[Collected data entries]
━━━━━━━━━━━━━━━━━━━━
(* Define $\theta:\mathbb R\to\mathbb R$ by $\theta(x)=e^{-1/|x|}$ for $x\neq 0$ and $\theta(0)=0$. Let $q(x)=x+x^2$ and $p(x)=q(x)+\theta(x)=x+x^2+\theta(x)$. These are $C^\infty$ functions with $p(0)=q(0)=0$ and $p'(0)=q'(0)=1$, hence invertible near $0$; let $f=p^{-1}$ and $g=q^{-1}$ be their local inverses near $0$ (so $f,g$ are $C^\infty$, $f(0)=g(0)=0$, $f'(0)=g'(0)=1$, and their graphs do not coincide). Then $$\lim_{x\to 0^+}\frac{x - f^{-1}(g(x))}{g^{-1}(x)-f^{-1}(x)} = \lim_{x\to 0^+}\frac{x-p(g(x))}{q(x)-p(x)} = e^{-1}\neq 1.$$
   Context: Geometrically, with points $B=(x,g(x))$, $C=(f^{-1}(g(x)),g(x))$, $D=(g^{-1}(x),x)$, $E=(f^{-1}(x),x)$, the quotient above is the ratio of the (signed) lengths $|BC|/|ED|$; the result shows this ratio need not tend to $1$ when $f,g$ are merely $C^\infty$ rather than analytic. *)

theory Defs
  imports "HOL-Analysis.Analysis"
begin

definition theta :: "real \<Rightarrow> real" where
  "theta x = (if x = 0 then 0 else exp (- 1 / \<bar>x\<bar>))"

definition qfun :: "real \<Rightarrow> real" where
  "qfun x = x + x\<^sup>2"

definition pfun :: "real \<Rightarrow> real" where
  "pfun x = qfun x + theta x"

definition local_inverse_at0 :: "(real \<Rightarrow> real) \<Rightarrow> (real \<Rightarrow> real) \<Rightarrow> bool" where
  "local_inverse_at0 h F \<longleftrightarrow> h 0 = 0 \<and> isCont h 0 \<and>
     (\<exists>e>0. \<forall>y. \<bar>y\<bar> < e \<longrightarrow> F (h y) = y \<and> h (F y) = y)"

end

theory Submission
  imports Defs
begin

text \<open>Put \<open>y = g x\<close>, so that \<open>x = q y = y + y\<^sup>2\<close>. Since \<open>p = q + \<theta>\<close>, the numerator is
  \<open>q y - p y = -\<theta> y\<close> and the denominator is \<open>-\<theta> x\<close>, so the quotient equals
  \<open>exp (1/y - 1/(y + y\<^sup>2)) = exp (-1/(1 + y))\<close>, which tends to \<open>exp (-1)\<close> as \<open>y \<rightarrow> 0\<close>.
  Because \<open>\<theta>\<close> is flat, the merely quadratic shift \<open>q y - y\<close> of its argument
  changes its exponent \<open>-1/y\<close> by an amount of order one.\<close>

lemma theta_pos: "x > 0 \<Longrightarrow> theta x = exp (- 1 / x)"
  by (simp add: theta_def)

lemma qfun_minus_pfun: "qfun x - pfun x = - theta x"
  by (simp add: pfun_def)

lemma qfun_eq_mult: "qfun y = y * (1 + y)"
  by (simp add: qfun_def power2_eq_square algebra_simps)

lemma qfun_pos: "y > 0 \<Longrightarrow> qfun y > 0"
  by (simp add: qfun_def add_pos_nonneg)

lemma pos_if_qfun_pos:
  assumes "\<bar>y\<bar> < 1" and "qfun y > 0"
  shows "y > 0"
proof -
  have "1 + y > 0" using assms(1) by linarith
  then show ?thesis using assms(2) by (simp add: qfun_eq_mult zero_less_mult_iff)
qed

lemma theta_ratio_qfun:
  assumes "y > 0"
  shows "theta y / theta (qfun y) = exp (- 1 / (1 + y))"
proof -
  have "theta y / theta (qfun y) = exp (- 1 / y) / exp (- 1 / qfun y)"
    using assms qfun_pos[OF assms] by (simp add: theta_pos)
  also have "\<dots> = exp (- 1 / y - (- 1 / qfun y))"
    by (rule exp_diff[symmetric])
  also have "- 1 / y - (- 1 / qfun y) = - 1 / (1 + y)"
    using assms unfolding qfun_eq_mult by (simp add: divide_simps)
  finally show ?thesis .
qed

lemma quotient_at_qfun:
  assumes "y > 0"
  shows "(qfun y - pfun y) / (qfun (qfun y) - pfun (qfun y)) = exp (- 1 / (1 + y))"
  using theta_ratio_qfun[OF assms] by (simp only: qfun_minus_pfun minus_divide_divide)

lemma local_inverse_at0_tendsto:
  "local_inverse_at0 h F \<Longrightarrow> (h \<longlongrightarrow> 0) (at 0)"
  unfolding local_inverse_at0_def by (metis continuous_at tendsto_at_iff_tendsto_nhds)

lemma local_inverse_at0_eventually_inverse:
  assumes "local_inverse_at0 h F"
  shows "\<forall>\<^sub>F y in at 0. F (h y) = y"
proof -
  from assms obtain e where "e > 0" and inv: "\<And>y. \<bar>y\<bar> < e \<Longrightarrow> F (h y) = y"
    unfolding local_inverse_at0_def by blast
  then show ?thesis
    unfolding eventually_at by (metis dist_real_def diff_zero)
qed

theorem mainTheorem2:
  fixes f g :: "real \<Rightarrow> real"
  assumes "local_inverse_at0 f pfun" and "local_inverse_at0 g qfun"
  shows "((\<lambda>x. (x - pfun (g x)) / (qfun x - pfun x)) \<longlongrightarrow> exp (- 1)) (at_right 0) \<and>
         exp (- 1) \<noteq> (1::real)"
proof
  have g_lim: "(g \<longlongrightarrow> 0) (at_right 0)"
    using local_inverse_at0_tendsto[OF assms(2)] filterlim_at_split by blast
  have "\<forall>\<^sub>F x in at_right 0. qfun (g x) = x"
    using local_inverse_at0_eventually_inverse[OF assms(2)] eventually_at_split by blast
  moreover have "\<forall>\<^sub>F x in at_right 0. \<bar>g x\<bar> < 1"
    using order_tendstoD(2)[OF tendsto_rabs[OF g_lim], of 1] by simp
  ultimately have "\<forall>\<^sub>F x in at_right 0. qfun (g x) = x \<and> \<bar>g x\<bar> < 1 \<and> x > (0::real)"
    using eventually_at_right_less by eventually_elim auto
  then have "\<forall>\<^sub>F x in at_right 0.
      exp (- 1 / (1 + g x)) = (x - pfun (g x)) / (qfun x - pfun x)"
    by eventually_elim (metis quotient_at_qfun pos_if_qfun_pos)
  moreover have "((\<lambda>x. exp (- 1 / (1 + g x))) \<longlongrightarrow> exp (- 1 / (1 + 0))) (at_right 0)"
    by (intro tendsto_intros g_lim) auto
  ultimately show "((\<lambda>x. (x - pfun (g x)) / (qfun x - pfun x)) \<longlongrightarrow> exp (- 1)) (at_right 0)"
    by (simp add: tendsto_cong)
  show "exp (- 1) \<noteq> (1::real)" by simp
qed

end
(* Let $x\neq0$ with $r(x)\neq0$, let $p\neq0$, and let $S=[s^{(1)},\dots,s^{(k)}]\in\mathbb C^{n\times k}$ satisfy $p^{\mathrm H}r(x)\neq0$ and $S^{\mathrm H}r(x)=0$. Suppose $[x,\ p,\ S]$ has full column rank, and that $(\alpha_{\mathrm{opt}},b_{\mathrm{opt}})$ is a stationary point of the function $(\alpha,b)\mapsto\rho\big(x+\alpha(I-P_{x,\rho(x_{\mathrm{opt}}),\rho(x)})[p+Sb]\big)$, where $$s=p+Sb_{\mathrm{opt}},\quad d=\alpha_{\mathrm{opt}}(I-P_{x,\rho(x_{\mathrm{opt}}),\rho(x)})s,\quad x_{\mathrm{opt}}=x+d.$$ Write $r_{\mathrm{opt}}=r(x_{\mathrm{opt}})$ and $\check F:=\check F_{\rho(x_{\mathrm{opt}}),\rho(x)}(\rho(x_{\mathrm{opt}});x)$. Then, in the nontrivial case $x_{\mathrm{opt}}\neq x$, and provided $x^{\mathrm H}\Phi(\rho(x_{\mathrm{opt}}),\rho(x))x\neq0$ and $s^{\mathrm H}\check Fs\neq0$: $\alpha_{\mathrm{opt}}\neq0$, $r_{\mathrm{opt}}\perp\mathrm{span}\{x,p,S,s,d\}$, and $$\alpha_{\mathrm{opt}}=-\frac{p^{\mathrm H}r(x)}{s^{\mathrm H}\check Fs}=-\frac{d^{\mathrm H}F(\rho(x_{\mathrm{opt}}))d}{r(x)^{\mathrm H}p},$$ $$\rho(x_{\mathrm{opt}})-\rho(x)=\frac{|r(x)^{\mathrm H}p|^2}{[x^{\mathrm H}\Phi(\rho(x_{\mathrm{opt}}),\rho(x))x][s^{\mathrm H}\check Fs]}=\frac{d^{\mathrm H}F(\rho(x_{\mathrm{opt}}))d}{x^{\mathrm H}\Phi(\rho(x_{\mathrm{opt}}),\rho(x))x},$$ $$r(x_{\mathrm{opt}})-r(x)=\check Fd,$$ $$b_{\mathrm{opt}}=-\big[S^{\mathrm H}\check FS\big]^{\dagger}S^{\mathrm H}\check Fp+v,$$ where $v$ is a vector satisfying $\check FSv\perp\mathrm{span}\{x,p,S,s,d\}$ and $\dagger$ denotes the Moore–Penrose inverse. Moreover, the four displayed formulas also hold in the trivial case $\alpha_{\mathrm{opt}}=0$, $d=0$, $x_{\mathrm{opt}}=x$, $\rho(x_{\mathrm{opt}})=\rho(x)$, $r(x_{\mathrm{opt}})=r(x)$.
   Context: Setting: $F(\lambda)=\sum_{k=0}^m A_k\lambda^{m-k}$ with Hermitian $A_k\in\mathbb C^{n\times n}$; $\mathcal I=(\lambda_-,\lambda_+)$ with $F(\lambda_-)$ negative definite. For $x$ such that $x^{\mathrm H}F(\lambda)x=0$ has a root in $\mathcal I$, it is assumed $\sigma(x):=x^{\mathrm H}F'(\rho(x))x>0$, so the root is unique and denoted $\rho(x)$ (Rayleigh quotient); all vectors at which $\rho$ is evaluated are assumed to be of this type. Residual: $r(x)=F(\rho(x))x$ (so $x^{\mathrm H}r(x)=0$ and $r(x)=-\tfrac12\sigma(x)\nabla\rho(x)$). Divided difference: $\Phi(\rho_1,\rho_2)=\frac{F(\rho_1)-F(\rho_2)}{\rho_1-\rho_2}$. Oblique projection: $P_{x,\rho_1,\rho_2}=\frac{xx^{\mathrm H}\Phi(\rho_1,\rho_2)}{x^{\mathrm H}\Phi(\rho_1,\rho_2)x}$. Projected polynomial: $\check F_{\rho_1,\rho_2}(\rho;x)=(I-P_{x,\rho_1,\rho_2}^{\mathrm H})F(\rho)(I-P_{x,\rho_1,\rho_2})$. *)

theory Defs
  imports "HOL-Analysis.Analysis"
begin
━━━━━━━━━━━━━━━━━━━━
=== Try it ===
Look above for the line containing "using assms qfun_pos[OF" and the line containing "by eventually_elim (metis". Transcribe both, with the lines between them, exactly.

=== Solution to this problem ===
    using assms qfun_pos[OF assms] by (simp add: theta_pos)
  also have "\<dots> = exp (- 1 / y - (- 1 / qfun y))"
    by (rule exp_diff[symmetric])
  also have "- 1 / y - (- 1 / qfun y) = - 1 / (1 + y)"
    using assms unfolding qfun_eq_mult by (simp add: divide_simps)
  finally show ?thesis .
qed

lemma quotient_at_qfun:
  assumes "y > 0"
  shows "(qfun y - pfun y) / (qfun (qfun y) - pfun (qfun y)) = exp (- 1 / (1 + y))"
  using theta_ratio_qfun[OF assms] by (simp only: qfun_minus_pfun minus_divide_divide)

lemma local_inverse_at0_tendsto:
  "local_inverse_at0 h F \<Longrightarrow> (h \<longlongrightarrow> 0) (at 0)"
  unfolding local_inverse_at0_def by (metis continuous_at tendsto_at_iff_tendsto_nhds)

lemma local_inverse_at0_eventually_inverse:
  assumes "local_inverse_at0 h F"
  shows "\<forall>\<^sub>F y in at 0. F (h y) = y"
proof -
  from assms obtain e where "e > 0" and inv: "\<And>y. \<bar>y\<bar> < e \<Longrightarrow> F (h y) = y"
    unfolding local_inverse_at0_def by blast
  then show ?thesis
    unfolding eventually_at by (metis dist_real_def diff_zero)
qed

theorem mainTheorem2:
  fixes f g :: "real \<Rightarrow> real"
  assumes "local_inverse_at0 f pfun" and "local_inverse_at0 g qfun"
  shows "((\<lambda>x. (x - pfun (g x)) / (qfun x - pfun x)) \<longlongrightarrow> exp (- 1)) (at_right 0) \<and>
         exp (- 1) \<noteq> (1::real)"
proof
  have g_lim: "(g \<longlongrightarrow> 0) (at_right 0)"
    using local_inverse_at0_tendsto[OF assms(2)] filterlim_at_split by blast
  have "\<forall>\<^sub>F x in at_right 0. qfun (g x) = x"
    using local_inverse_at0_eventually_inverse[OF assms(2)] eventually_at_split by blast
  moreover have "\<forall>\<^sub>F x in at_right 0. \<bar>g x\<bar> < 1"
    using order_tendstoD(2)[OF tendsto_rabs[OF g_lim], of 1] by simp
  ultimately have "\<forall>\<^sub>F x in at_right 0. qfun (g x) = x \<and> \<bar>g x\<bar> < 1 \<and> x > (0::real)"
    using eventually_at_right_less by eventually_elim auto
  then have "\<forall>\<^sub>F x in at_right 0.
      exp (- 1 / (1 + g x)) = (x - pfun (g x)) / (qfun x - pfun x)"
    by eventually_elim (metis quotient_at_qfun pos_if_qfun_pos)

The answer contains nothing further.